Public transport in Hamilton and the Waikato Region is poorly developed. Only 0.9% of trips were made by bus in 2013/14. This compares with 2.3% nationally, which itself is amongst the lowest modal shares in the world. A Mass Transit Plan aiming to increase public transport's share in Hamilton from 3 to 10% by running services at 10 minute intervals, was to be developed in 2019, but has yet to be funded by NZTA. Waikato, like all other regions, with the exception of Auckland and Wellington, saw falls in use of public transport from 2012. As the map shows, the coverage is sparse and, even of those services which operate daily, most have only 2 or 3 buses a day in each direction. Only Hamilton urban services and those to Huntly run hourly, or more frequently. About 40% of passengers travel on the two routes (Orbiter, Comet) which run at 15 minute intervals. From Monday 21 February 2022 the less frequent Hamilton buses were cut to hourly, or 2-hourly, due to driver shortages.

Hamilton has 23 bus routes covering most of its urban area. Buses also serve Cambridge, Coromandel, Huntly, Mangakino, Matamata, Morrinsville, Ngāruawāhia, Paeroa, Port Waikato, Pukekohe, Raglan, Taupō, Thames, Te Aroha, Te Awamutu, Te Kauwhata, Tīrau, Putāruru and Tokoroa. A summer shuttle runs between Hahei and Cathedral Cove. Services are operated by 105 buses, 74 of them on Hamilton urban routes.
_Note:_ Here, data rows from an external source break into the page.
lemma lipschitz_on_comp_word:
  assumes "set \<alpha> \<subseteq> I" "\<And>i. i \<in> I \<Longrightarrow> \<phi> i ` X \<subseteq> X"
    and "\<And>i. i \<in> I \<Longrightarrow> L-lipschitz_on X (\<phi> i)"
  shows "(L ^ length \<alpha>)-lipschitz_on X (comp_word \<phi> \<alpha>)"
  using assms(1)
proof (induction \<alpha> rule: rev_induct)
  case Nil
  show ?case
    using lipschitz_on_id by (simp add: comp_word_def)
next
  case (snoc i \<alpha>)
  have "(L ^ length \<alpha>)-lipschitz_on X (comp_word \<phi> \<alpha>)"
    using snoc by simp
  moreover have "comp_word \<phi> \<alpha> ` X \<subseteq> X"
    using comp_word_in[of \<alpha> I \<phi> X] snoc.prems assms(2) by auto
  then have "L-lipschitz_on (comp_word \<phi> \<alpha> ` X) (\<phi> i)"
    using snoc.prems by (intro lipschitz_on_subset[OF assms(3)]) auto
  ultimately have "(L * L ^ length \<alpha>)-lipschitz_on X (\<lambda>x. \<phi> i (comp_word \<phi> \<alpha> x))"
    by (rule lipschitz_on_compose2)
  then show ?case
    by (simp add: comp_word_snoc)
qed

lemma itinerary_of_regular:
  assumes f_maps: "f ` X \<subseteq> X" and f_eq: "\<And>i y. i < N \<Longrightarrow> y \<in> A i \<Longrightarrow> f y = \<phi> i y"
    and x: "x \<in> regular_set X N A f"
  obtains \<alpha> where "\<alpha> \<in> itin X N A f n" "comp_word \<phi> \<alpha> x = (f ^^ n) x"
proof -
  have reg: "regular_of_order X N A f n x" for n
    using x by (simp add: regular_set_def)
  have "\<exists>i<N. (f ^^ j) x \<in> A i" for j
    using reg[of "Suc j"] funpow_in_invariant[OF f_maps, of x j]
    by (auto simp: regular_of_order_def sing_set_def)
  then obtain piece where piece: "\<And>j. piece j < N \<and> (f ^^ j) x \<in> A (piece j)"
    by metis
  define \<alpha> where "\<alpha> = map piece [0..<n]"
  have "\<alpha> \<in> itin X N A f n"
    unfolding itin_def \<alpha>_def using piece reg[of n] by auto
  moreover have "comp_word \<phi> (map piece [0..<k]) x = (f ^^ k) x" for k
  proof (induction k)
    case 0
    show ?case by (simp add: comp_word_def)
  next
    case (Suc k)
    have "f ((f ^^ k) x) = \<phi> (piece k) ((f ^^ k) x)"
      using f_eq piece[of k] by blast
    then show ?case
      using Suc by (simp add: comp_word_snoc)
  qed
  ultimately show ?thesis
    using that by (simp add: \<alpha>_def)
qed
Since the sale of the west Hamilton routes in 2018, all Hamilton buses have been operated by GoBus (successor to Buses Ltd – see Hamilton routes below). From 30 September 2017 Pavlovich Coachlines had operated buses in west Hamilton and, prior to that, just the Orbiter.

InterCity operate long-distance bus services and some regional connections.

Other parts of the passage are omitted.